Network Security: Firewalls, VPNs, and Threat Detection

Firewalls

Firewalls control network traffic based on rules. They range from simple packet filters to application-aware systems.

# Packet Filtering (Layer 3/4):
# - Inspects: source/destination IP, port, protocol
# - Stateless: each packet evaluated independently
# - Fast, but can't detect session-based attacks
# - Example: AWS Security Groups, iptables

# Stateful Inspection (Layer 4):
# - Tracks connection state (SYN, established, FIN)
# - Only allows packets that belong to established sessions
# - Can detect half-open connection attacks

# Next-Generation Firewall (NGFW, Layer 7):
# - Deep packet inspection (reads content)
# - Application awareness (block Zoom, allow Slack)
# - Intrusion prevention, SSL inspection
# - User identity awareness
# - Example: Palo Alto, Cisco Firepower

# Web Application Firewall (WAF):
# - Layer 7, specifically for HTTP/HTTPS
# - Blocks: XSS, SQL injection, CSRF, rate limiting
# - Example: AWS WAF, Cloudflare WAF

IDS vs IPS

Intrusion Detection Systems detect attacks. Intrusion Prevention Systems detect AND block them.

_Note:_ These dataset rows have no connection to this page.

lemma is_cokernel_to_zero_obj:
  assumes C: "category C" and f: "f \<in> hom C X Y" "iso C f" and g: "g \<in> hom C Y z"
    and z: "zero_obj C z"
  shows "is_cokernel C g f"
  unfolding is_cokernel_def
proof (intro conjI ballI impI)
  obtain f' where f': "f' \<in> hom C Y X" "cat_cmp C f' f = cat_idn C X" "cat_cmp C f f' = cat_idn C Y"
    using isoE[OF f(2,1)] .
  have Y: "Y \<in> cat_obj C" using cat_hom_obj[OF C f(1)] by blast
  have z_obj: "z \<in> cat_obj C" using z by (simp add: zero_obj_def)
  show "f \<in> cat_arr C" "g \<in> cat_arr C" "cat_src C g = cat_tgt C f" using f g by (auto simp: hom_def)
  show "zero_arr C (cat_cmp C g f)" using zero_arr_into_zero_obj[OF C z cat_cmp_hom[OF C f(1) g]] .
  fix h assume h: "h \<in> cat_arr C" "cat_src C h = cat_tgt C f \<and> zero_arr C (cat_cmp C h f)"
  define W where "W = cat_tgt C h"
  have hW: "h \<in> hom C Y W" using h f by (auto simp: hom_def W_def)
  have tgt_g: "cat_tgt C g = z" using g by (simp add: hom_def)
  have out_of_z: "\<exists>!u. u \<in> hom C z W" using zero_objD(1)[OF z] cat_hom_obj[OF C hW] by blast
  obtain z' a b where z': "zero_obj C z'" and a: "a \<in> hom C X z'" and b: "b \<in> hom C z' W"
    and hf: "cat_cmp C h f = cat_cmp C b a"
    using h(2) homD[OF cat_cmp_hom[OF C f(1) hW]] unfolding zero_arr_def by auto
  obtain c where c: "c \<in> hom C z z'" using zero_objD(2)[OF z' z_obj] by blast
  \<comment> \<open>both composites are arrows into the zero object \<open>z'\<close>\<close>
  have "cat_cmp C a f' = cat_cmp C c g"
    using zero_objD(2)[OF z' Y] cat_cmp_hom[OF C f'(1) a] cat_cmp_hom[OF C g c] by blast
  have "h = cat_cmp C h (cat_idn C Y)" using cat_idr[OF C hW] by simp
  also have "\<dots> = cat_cmp C (cat_cmp C h f) f'" using cat_assoc[OF C f'(1) f(1) hW] f'(3) by simp
  also have "\<dots> = cat_cmp C b (cat_cmp C a f')" using hf cat_assoc[OF C f'(1) a b] by simp
  also have "\<dots> = cat_cmp C (cat_cmp C b c) g"
    using \<open>cat_cmp C a f' = cat_cmp C c g\<close> cat_assoc[OF C g c b] by simp
  finally have "h = cat_cmp C (cat_cmp C b c) g" .
  then show "\<exists>!u. u \<in> hom C (cat_tgt C g) (cat_tgt C h) \<and> cat_cmp C u g = h"
    using out_of_z cat_cmp_hom[OF C c b] tgt_g W_def by metis
qed

lemma short_exact_iso_to_zero_obj:
  assumes C: "category C" and f: "f \<in> hom C X Y" "iso C f" and g: "g \<in> hom C Y z"
    and z: "zero_obj C z"
  shows "short_exact C f g"
  unfolding short_exact_def
  using is_kernel_iso[OF C f g zero_arr_into_zero_obj[OF C z cat_cmp_hom[OF C f(1) g]]]
    is_cokernel_to_zero_obj[OF C f g z] by blast

lemma K0_relations_diff:
  "\<phi> \<in> K0_relations C \<Longrightarrow> \<psi> \<in> K0_relations C \<Longrightarrow> (\<lambda>Y. \<phi> Y - \<psi> Y) \<in> K0_relations C"
  using K0_relations.add[OF _ K0_relations.neg] by simp

lemma K0_relations_sum:
  "finite A \<Longrightarrow> (\<And>x. x \<in> A \<Longrightarrow> f x \<in> K0_relations C) \<Longrightarrow> (\<lambda>Y. \<Sum>x\<in>A. f x Y) \<in> K0_relations C"
proof (induction A rule: finite_induct)
  case empty
  then show ?case using K0_relations.zero by simp
next
  case (insert a A)
  then show ?case using K0_relations.add[of "f a" C "\<lambda>Y. \<Sum>x\<in>A. f x Y"] by simp
qed
(* Let $n\ge 2$. For $p\in(0,1)$ let $\mathfrak p$ be the geometric distribution $p_i=(1-p)p^{i-1}$, $i\in\mathbb N$, and let $d(p)$ be the Hausdorff dimension of $\Pi_{\mathfrak p}(n)=\pi_{\mathfrak p}(\{1,\dots,n\}^{\mathbb N})$. Then $d(p)$ is the unique solution $d$ of $(1-p^{dn})(1-p)^d/(1-p^d)=1$, and as $p$ ranges over $(0,1)$, $d(p)$ attains every value in $(0,1)$.
   Context: $\mathbb N=\{1,2,3,\dots\}$. For a probability distribution $\mathfrak p=(p_i)$ with all $p_i\in(0,1)$ and $\sum_i p_i=1$, set $\widehat{p_1}=0$, $\widehat{p_k}=\sum_{i=1}^{k-1}p_i$ for $k\ge2$, $T_k x=p_kx+\widehat{p_k}$, and $\pi_{\mathfrak p}((n_j))=\lim_{j\to\infty}T_{n_1}\circ\cdots\circ T_{n_j}(0)=\widehat{p_{n_1}}+\sum_{j=1}^\infty p_{n_1}\cdots p_{n_j}\widehat{p_{n_{j+1}}}$, a map $\mathbb N^{\mathbb N}\to[0,1)$. *)

theory Defs
  imports "HOL-Analysis.Analysis"
begin

definition hausdorff_approx :: "real \<Rightarrow> real \<Rightarrow> real set \<Rightarrow> ennreal" where
  "hausdorff_approx s \<delta> E =
     (INF U \<in> {U :: nat \<Rightarrow> real set. E \<subseteq> (\<Union>i. U i) \<and>
                  (\<forall>i. bounded (U i) \<and> diameter (U i) \<le> \<delta>)}.
        (\<Sum>i. ennreal (diameter (U i) powr s)))"

definition hausdorff_measure :: "real \<Rightarrow> real set \<Rightarrow> ennreal" where
  "hausdorff_measure s E = (SUP \<delta> \<in> {0<..}. hausdorff_approx s \<delta> E)"

definition hausdorff_dim :: "real set \<Rightarrow> real" where
  "hausdorff_dim E = Inf {s. 0 \<le> s \<and> hausdorff_measure s E = 0}"

text \<open>A probability vector p is a function indexed by 1,2,3,...; a sequence in N^N
  is a function nat => nat (index j = 0,1,2,... corresponds to n_1,n_2,...)
  with all values >= 1.\<close>

definition phat :: "(nat \<Rightarrow> real) \<Rightarrow> nat \<Rightarrow> real" where
  "phat p k = (\<Sum>i\<in>{1..<k}. p i)"
(* Let $G$ be a graph that has a proper VPG-representation $R_V$ in a $w\times h$-grid. Then every subgraph $G'$ of $G$ has an EPG-representation $R_E$ in a $2w\times 2h$-grid. Furthermore, if every vertex-path of $R_V$ is $x$-monotone, then $R_E$ can be chosen so that every vertex-path of $R_E$ is $x$-monotone.
   Context: The $w\times h$-grid consists of all grid-points $(i,j)$ with integer coordinates $1\le i\le w$, $1\le j\le h$, and all grid-edges joining grid-points at distance $1$. A vertex-path is a path in the grid. An EPG-representation of a graph $G$ assigns to each vertex $v$ a vertex-path $\mathrm{path}(v)$ such that $(v,w)$ is an edge of $G$ if and only if $\mathrm{path}(v)$ and $\mathrm{path}(w)$ share a grid-edge. A VPG-representation of $G$ assigns to each vertex a vertex-path such that $(v,w)$ is an edge if and only if $\mathrm{path}(v)$ and $\mathrm{path}(w)$ share a grid-point. A VPG-representation is proper if (a) every grid-edge is used by at most one vertex-path, and (b) whenever a grid-point $p$ belongs to both $\mathrm{path}(v)$ and $\mathrm{path}(w)$ ($v\neq w$), one of these two vertex-paths contains the grid-edge going rightward from $p$ and the other contains the grid-edge going upward from $p$. A vertex-path is $x$-monotone if every vertical line meeting it meets it in a single interval. *)

theory Defs
  imports "HOL-Analysis.Analysis"
begin

type_synonym gpoint = "nat \<times> nat"

definition grid_point :: "nat \<Rightarrow> nat \<Rightarrow> gpoint \<Rightarrow> bool" where
  "grid_point w h p \<longleftrightarrow> 1 \<le> fst p \<and> fst p \<le> w \<and> 1 \<le> snd p \<and> snd p \<le> h"

definition grid_adj :: "gpoint \<Rightarrow> gpoint \<Rightarrow> bool" where
  "grid_adj p q \<longleftrightarrow>
     (fst p = fst q \<and> (snd p = snd q + 1 \<or> snd q = snd p + 1)) \<or>
     (snd p = snd q \<and> (fst p = fst q + 1 \<or> fst q = fst p + 1))"

definition vertex_path :: "nat \<Rightarrow> nat \<Rightarrow> gpoint list \<Rightarrow> bool" where
  "vertex_path w h ps \<longleftrightarrow> ps \<noteq> [] \<and> distinct ps \<and> (\<forall>p\<in>set ps. grid_point w h p) \<and>
     (\<forall>i. Suc i < length ps \<longrightarrow> grid_adj (ps ! i) (ps ! Suc i))"

definition path_edges :: "gpoint list \<Rightarrow> gpoint set set" where
  "path_edges ps = {{ps ! i, ps ! Suc i} | i. Suc i < length ps}"

definition right_edge :: "gpoint \<Rightarrow> gpoint set" where
  "right_edge p = {p, (fst p + 1, snd p)}"

definition up_edge :: "gpoint \<Rightarrow> gpoint set" where
  "up_edge p = {p, (fst p, snd p + 1)}"

definition simple_graph :: "'v set \<Rightarrow> ('v \<Rightarrow> 'v \<Rightarrow> bool) \<Rightarrow> bool" where
  "simple_graph V E \<longleftrightarrow> (\<forall>u v. E u v \<longrightarrow> u \<in> V \<and> v \<in> V \<and> u \<noteq> v \<and> E v u)"

definition subgraph :: "'v set \<Rightarrow> ('v \<Rightarrow> 'v \<Rightarrow> bool) \<Rightarrow> 'v set \<Rightarrow> ('v \<Rightarrow> 'v \<Rightarrow> bool) \<Rightarrow> bool" where
  "subgraph V' E' V E \<longleftrightarrow> simple_graph V' E' \<and> V' \<subseteq> V \<and> (\<forall>u v. E' u v \<longrightarrow> E u v)"

definition VPG_rep :: "nat \<Rightarrow> nat \<Rightarrow> 'v set \<Rightarrow> ('v \<Rightarrow> 'v \<Rightarrow> bool) \<Rightarrow> ('v \<Rightarrow> gpoint list) \<Rightarrow> bool" where
  "VPG_rep w h V E R \<longleftrightarrow> (\<forall>v\<in>V. vertex_path w h (R v)) \<and>
     (\<forall>u\<in>V. \<forall>v\<in>V. u \<noteq> v \<longrightarrow> (E u v \<longleftrightarrow> set (R u) \<inter> set (R v) \<noteq> {}))"

definition EPG_rep :: "nat \<Rightarrow> nat \<Rightarrow> 'v set \<Rightarrow> ('v \<Rightarrow> 'v \<Rightarrow> bool) \<Rightarrow> ('v \<Rightarrow> gpoint list) \<Rightarrow> bool" where
  "EPG_rep w h V E R \<longleftrightarrow> (\<forall>v\<in>V. vertex_path w h (R v)) \<and>
     (\<forall>u\<in>V. \<forall>v\<in>V. u \<noteq> v \<longrightarrow> (E u v \<longleftrightarrow> path_edges (R u) \<inter> path_edges (R v) \<noteq> {}))"

definition proper_VPG_rep :: "nat \<Rightarrow> nat \<Rightarrow> 'v set \<Rightarrow> ('v \<Rightarrow> 'v \<Rightarrow> bool) \<Rightarrow> ('v \<Rightarrow> gpoint list) \<Rightarrow> bool" where
  "proper_VPG_rep w h V E R \<longleftrightarrow> VPG_rep w h V E R \<and>
     (\<forall>u\<in>V. \<forall>v\<in>V. u \<noteq> v \<longrightarrow> path_edges (R u) \<inter> path_edges (R v) = {}) \<and>
     (\<forall>u\<in>V. \<forall>v\<in>V. \<forall>p. u \<noteq> v \<longrightarrow> p \<in> set (R u) \<longrightarrow> p \<in> set (R v) \<longrightarrow>
        (right_edge p \<in> path_edges (R u) \<and> up_edge p \<in> path_edges (R v)) \<or>
        (right_edge p \<in> path_edges (R v) \<and> up_edge p \<in> path_edges (R u)))"

definition gpt :: "gpoint \<Rightarrow> real \<times> real" where
  "gpt p = (real (fst p), real (snd p))"
(* Let $W$ be a linear space over $\mathbb{K}\in\{\mathbb{R},\mathbb{C}\}$, let $0<q\le 1$, let $V\neq\{0\}$ be a $W$-spreading $q$-space, let $\Omega$ be a nonempty set and let $A$ be an $(\Omega,V)$-stable function space. Let $\mathcal{N}=\{f\in A: f \text{ is not injective}\}$. Then either $\mathcal{N}=\{0\}$ or $\mathcal{N}$ is pointwise spaceable in $A$, i.e., for every $f\in\mathcal{N}$ there is a closed $\mathfrak{c}$-dimensional (in particular infinite dimensional) linear subspace $X$ of $A$ with $f\in X\subseteq\mathcal{N}$.
   Context: For $0<q\le 1$, a $q$-norm on a linear space $X$ is a map $\|\cdot\|\colon X\to[0,\infty)$ with $\|x\|=0$ iff $x=0$, $\|\lambda x\|=|\lambda|\,\|x\|$, and $\|x+y\|^q\le\|x\|^q+\|y\|^q$; a $q$-Banach space is a space with a complete $q$-norm. $\mathfrak{c}$ is the cardinality of the continuum. A $W$-spreading $q$-space is a linear subspace $V$ of the space $W^{\mathbb{N}}$ of $W$-valued sequences (coordinatewise operations) endowed with a complete $q$-norm $\|\cdot\|_V$ such that: whenever $(a_j)_{j=1}^\infty\in V$ and $\mathbb{N}_0=\{j_1<j_2<\cdots\}$ is an infinite subset of $\mathbb{N}$, the sequence $(b_k)_{k}$ with $b_k=a_i$ if $k=j_i$ and $b_k=0$ if $k\notin\mathbb{N}_0$ belongs to $V$ and $\|(b_k)_k\|_V\le\|(a_j)_j\|_V$. For a nonempty set $\Omega$ and a $q$-Banach space $F$, an $(\Omega,F)$-stable function space is a linear subspace $A\neq\{0\}$ of the space $F^\Omega$ of all maps $\Omega\to F$ (pointwise operations), endowed with a complete $q$-norm $\|\cdot\|_A$, such that: (i) the topology induced by $\|\cdot\|_A$ contains (is finer than) the topology of pointwise convergence on $A$; (ii) for every $g\in A$ and every bounded linear operator $u\colon F\to F$, one has $u\circ g\in A$ and $\|u\circ g\|_A\le\|u\|\,\|g\|_A$. *)

theory Defs
  imports "HOL-Analysis.Analysis" "HOL-Library.Function_Algebras" "HOL-Library.Equipollence"
begin

definition seq_scale :: "('k \<Rightarrow> 'w \<Rightarrow> 'w) \<Rightarrow> 'k \<Rightarrow> (nat \<Rightarrow> 'w) \<Rightarrow> (nat \<Rightarrow> 'w)" where
  "seq_scale s c x = (\<lambda>j. s c (x j))"

definition fun_scale :: "('k \<Rightarrow> 'v \<Rightarrow> 'v) \<Rightarrow> 'k \<Rightarrow> ('o \<Rightarrow> 'v) \<Rightarrow> ('o \<Rightarrow> 'v)" where
  "fun_scale s c f = (\<lambda>\<omega>. s c (f \<omega>))"

definition linear_subspace :: "('k \<Rightarrow> 'v::ab_group_add \<Rightarrow> 'v) \<Rightarrow> 'v set \<Rightarrow> bool" where
  "linear_subspace s X \<longleftrightarrow> 0 \<in> X \<and> (\<forall>x\<in>X. \<forall>y\<in>X. x + y \<in> X) \<and> (\<forall>c. \<forall>x\<in>X. s c x \<in> X)"
(* Let $\{\alpha_I\}_{I\in\mathcal{D}}$ be a dyadic Carleson sequence: $\alpha_I\ge0$ and there is $C_0$ with $\sum_{I\subset J,\,I\in\mathcal{D}}\alpha_I|I|\le C_0|J|$ for all $J\in\mathcal{D}$. Let $\Psi:(0,1]\to(0,\infty)$ be a decreasing function such that $s\mapsto s\Psi(s)$ is increasing and $\int_0^1\frac{ds}{s\Psi(s)}<\infty$. Then there is a constant $C$ (depending only on $\Psi$ and $C_0$) such that for every weight $w$ on $\mathbb{R}$ with $\mathbf{n}_\Psi(N_I^w)<\infty$ for all $I\in\mathcal{D}$, and every $J\in\mathcal{D}$, \[ \sum_{I\in\mathcal{D},\,I\subset J}\mathbf{n}_\Psi(N_I^w)^{-1}\langle w\rangle_I^2\,\alpha_I\,|I|\le C\,w(J), \] where in the summation the intervals $I$ on which $w\equiv0$ are skipped.
   Context: $\mathcal{D}$ is the standard dyadic lattice of intervals in $\mathbb{R}$. A weight is a nonnegative locally integrable function; $w(J)=\int_Jw$, $\langle w\rangle_I=\frac1{|I|}\int_Iw$. $N_I^w(t)=\frac{1}{|I|}|\{x\in I:w(x)>t\}|$ and $\mathbf{n}_\Psi(N)=\int_0^\infty N(t)\Psi(N(t))\,dt$ (integrand $0$ where $N(t)=0$). *)

theory Defs
  imports "HOL-Analysis.Analysis"
begin

definition dyadic_intervals :: "real set set" where
  "dyadic_intervals =
     {{of_int j * 2 powr of_int k ..< (of_int j + 1) * 2 powr of_int k} | j k. True}"

definition len :: "real set \<Rightarrow> real" where
  "len I = measure lborel I"

definition wmeas :: "(real \<Rightarrow> real) \<Rightarrow> real set \<Rightarrow> real" where
  "wmeas w J = (LINT x:J|lborel. w x)"

definition avg :: "(real \<Rightarrow> real) \<Rightarrow> real set \<Rightarrow> real" where
  "avg w I = wmeas w I / len I"

definition is_weight :: "(real \<Rightarrow> real) \<Rightarrow> bool" where
  "is_weight w \<longleftrightarrow> (\<forall>x. 0 \<le> w x) \<and> (\<forall>K. compact K \<longrightarrow> set_integrable lborel K w)"

definition distN :: "(real \<Rightarrow> real) \<Rightarrow> real set \<Rightarrow> real \<Rightarrow> real" where
  "distN w I t = measure lborel {x \<in> I. w x > t} / len I"

definition nPsi :: "(real \<Rightarrow> real) \<Rightarrow> (real \<Rightarrow> real) \<Rightarrow> ennreal" where
  "nPsi \<Psi> N = (\<integral>\<^sup>+ t \<in> {0<..}. ennreal (if N t = 0 then 0 else N t * \<Psi> (N t)) \<partial>lborel)"

definition carleson :: "(real set \<Rightarrow> real) \<Rightarrow> real \<Rightarrow> bool" where
  "carleson \<alpha> C0 \<longleftrightarrow> (\<forall>I\<in>dyadic_intervals. 0 \<le> \<alpha> I) \<and>
     (\<forall>J\<in>dyadic_intervals.
        (\<Sum>\<^sub>\<infinity>I\<in>{I\<in>dyadic_intervals. I \<subseteq> J}. ennreal (\<alpha> I * len I)) \<le> ennreal (C0 * len J))"

end

theory Submission
  imports Defs
begin

text \<open>
  Pointwise AM-GM applied to \<open>N = N\<^sub>I\<^sup>w\<close> (in effect Cauchy-Schwarz) gives
  \<open>\<langle>w\<rangle>\<^sub>I\<^sup>2 / n\<^sub>\<Psi>(N) \<le> \<integral>\<^sub>0\<^sup>\<infinity> \<phi>(N(t)) dt\<close> with \<open>\<phi>(s) = s / \<Psi>(s)\<close>.
  Multiplying by \<open>\<alpha>\<^sub>I |I|\<close>, summing and exchanging sum and integral, it suffices to bound
  \<open>\<Sum>\<^sub>I\<^sub>\<subseteq>\<^sub>J \<alpha>\<^sub>I |I| \<phi>(|E \<inter> I| / |I|)\<close> by \<open>C |E \<inter> J|\<close> for every level set \<open>E = {w > t}\<close>;
  the layer-cake formula then turns \<open>\<integral> |{w > t} \<inter> J| dt\<close> into \<open>w(J)\<close>.
  As \<open>\<phi>\<close> increases, \<open>\<phi>(s) \<le> \<Sum>\<^sub>k 2\<^sup>-\<^sup>k / \<Psi>(2\<^sup>-\<^sup>k) [s > 2\<^sup>-\<^sup>k\<^sup>-\<^sup>1]\<close>, and a stopping-time
  argument over the maximal dyadic intervals on which \<open>E\<close> has density above \<open>\<lambda>\<close> bounds the
  Carleson sum over all such intervals by \<open>(C\<^sub>0 / \<lambda>) |E \<inter> J|\<close>. The constant obtained is
  \<open>2 C\<^sub>0 \<Sum>\<^sub>k 1 / \<Psi>(2\<^sup>-\<^sup>k)\<close>, which is finite because \<open>s \<Psi>(s)\<close> increases and hence
  \<open>\<Sum>\<^sub>k 1 / \<Psi>(2\<^sup>-\<^sup>k) \<le> 2 \<integral>\<^sub>0\<^sup>1 ds / (s \<Psi>(s))\<close>.
\<close>

section \<open>Dyadic intervals\<close>

definition dyadic_interval :: "int \<Rightarrow> int \<Rightarrow> real set" where
  "dyadic_interval j k = {of_int j * 2 powr of_int k ..< (of_int j + 1) * 2 powr of_int k}"

lemma dyadic_intervals_eq_range: "dyadic_intervals = range (case_prod dyadic_interval)"
  unfolding dyadic_intervals_def dyadic_interval_def by auto

lemma countable_dyadic_subfamily: "countable {I\<in>dyadic_intervals. P I}"
  by (rule countable_subset[of _ dyadic_intervals]) (auto simp: dyadic_intervals_eq_range)

lemma dyadic_intervalsE:
  assumes "I \<in> dyadic_intervals"
  obtains j k where "I = dyadic_interval j k"
  using assms unfolding dyadic_intervals_eq_range by auto

lemma mem_dyadic_interval_iff:
  "x \<in> dyadic_interval j k \<longleftrightarrow> of_int j \<le> x / 2 powr k \<and> x / 2 powr k < of_int j + 1"
  unfolding dyadic_interval_def by (auto simp: pos_le_divide_eq pos_divide_less_eq)

lemma dyadic_interval_index: "x \<in> dyadic_interval j k \<Longrightarrow> j = \<lfloor>x / 2 powr k\<rfloor>"
  by (metis mem_dyadic_interval_iff floor_unique)

lemma left_endpoint_in_dyadic_interval: "of_int j * 2 powr of_int k \<in> dyadic_interval j k"
  unfolding dyadic_interval_def by (simp add: algebra_simps)

lemma emeasure_dyadic_interval: "emeasure lborel (dyadic_interval j k) = ennreal (2 powr k)"
  unfolding dyadic_interval_def by (simp add: algebra_simps)
lemma xy_eqs_iff:
  assumes "1 \<le> t"
  shows "xy_eqs t \<rho> x y \<longleftrightarrow>
           exp x = 1 / weight_sum t (exp y) \<and> weight_mean t (exp y) = \<rho>"
proof -
  have "exp (x + real i * y) / d i = exp x * weight (exp y) i"
    and "real i * exp (x + real i * y) / d i = real i * (exp x * weight (exp y) i)" for i
    by (simp_all add: weight_def exp_add exp_of_nat_mult)
  then have "xy_eqs t \<rho> x y \<longleftrightarrow>
               exp x * weight_sum t (exp y) = 1 \<and>
               exp x * (\<Sum>i=1..t. real i * weight (exp y) i) = \<rho>"
    unfolding xy_eqs_def weight_sum_def by (simp add: sum_distrib_left mult_ac)
  moreover have "0 < weight_sum t (exp y)"
    using assms by (simp add: weight_sum_pos)
  ultimately show ?thesis
    unfolding weight_mean_def by (auto simp: field_simps)
qed

lemma power_cross_less:
  fixes l l' :: real
  assumes "0 < l" "l < l'" "j < i"
  shows "l' ^ j * l ^ i < l' ^ i * l ^ j"
proof -
  obtain k where i: "i = j + k" and "0 < k"
    using assms(3) less_imp_add_positive by blast
  then have "l ^ k < l' ^ k"
    using assms by (intro power_strict_mono) auto
  moreover have "0 < l' ^ j * l ^ j"
    using assms by simp
  ultimately have "l' ^ j * l ^ j * l ^ k < l' ^ j * l ^ j * l' ^ k"
    by (rule mult_strict_left_mono)
  then show ?thesis
    unfolding i by (simp add: power_add mult_ac)
qed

# IDS (Intrusion Detection System):
# - Monitors and ALERTS on suspicious activity
# - Passive — does not block traffic
# - Can be out-of-band (copy of traffic)
# - Lower risk of false positives blocking legitimate traffic

# IPS (Intrusion Prevention System):
# - Monitors and BLOCKS suspicious activity
# - Inline — sits in traffic path
# - Can disrupt legitimate traffic if misconfigured
# - Higher security than IDS

# Detection methods:
# Signature-based: matches known attack patterns (fast, misses new attacks)
# Anomaly-based: detects deviations from baseline (catches new attacks, more false positives)
# Behaviour-based: detects unusual user/system behaviour

# Placement:
# NIDS/NIPS: monitors network traffic
# HIDS/HIPS: monitors individual host (processes, files, logs)

VPN types

VPNs create encrypted tunnels for secure communication.

# Site-to-Site VPN:
# - Connects two networks (office to data centre)
# - Always-on tunnel between gateways
# - Users don't need to do anything

# Remote Access VPN:
# - Connects individual user to corporate network
# - User installs VPN client, connects on demand
# - Example: OpenVPN, Cisco AnyConnect

# SSL/TLS VPN:
# - Uses standard HTTPS (port 443)
# - Often browser-based, no client required
# - Less likely to be blocked by firewalls

# IPSec:
# - Protocol suite for securing IP communications
# - Used in most site-to-site VPNs
# - Two modes:
#   Transport: encrypts payload only
#   Tunnel: encrypts entire IP packet (includes headers)

# Split tunneling:
# - Only corporate traffic through VPN
# - Internet traffic goes directly
# - Less bandwidth on VPN, lower security

Network segmentation and Zero Trust

Segmentation limits lateral movement after a breach. Zero Trust assumes the network is already compromised.

# Network Segmentation:
# - Divide network into zones/segments
# - Limit traffic between segments with firewalls
# - If one segment is compromised, attacker can't freely move
# - Example: put database on separate VLAN from web servers

# DMZ (Demilitarised Zone):
# - Network between internet and internal network
# - Public-facing servers (web, email) placed here
# - Internet → DMZ allowed
# - DMZ → Internal network restricted

# Zero Trust principles:
# "Never trust, always verify"
# 1. Verify every user and device (even internal)
# 2. Least privilege access
# 3. Assume breach — segment and monitor
# 4. Verify explicitly (MFA, device health, location)
# 5. Encrypt all traffic (east-west, not just north-south)

Exam tip

IDS vs IPS is always tested: IDS detects/alerts, IPS detects/blocks. Also know DMZ: the zone for public-facing servers, behind a firewall from the internet but in front of a firewall from internal systems.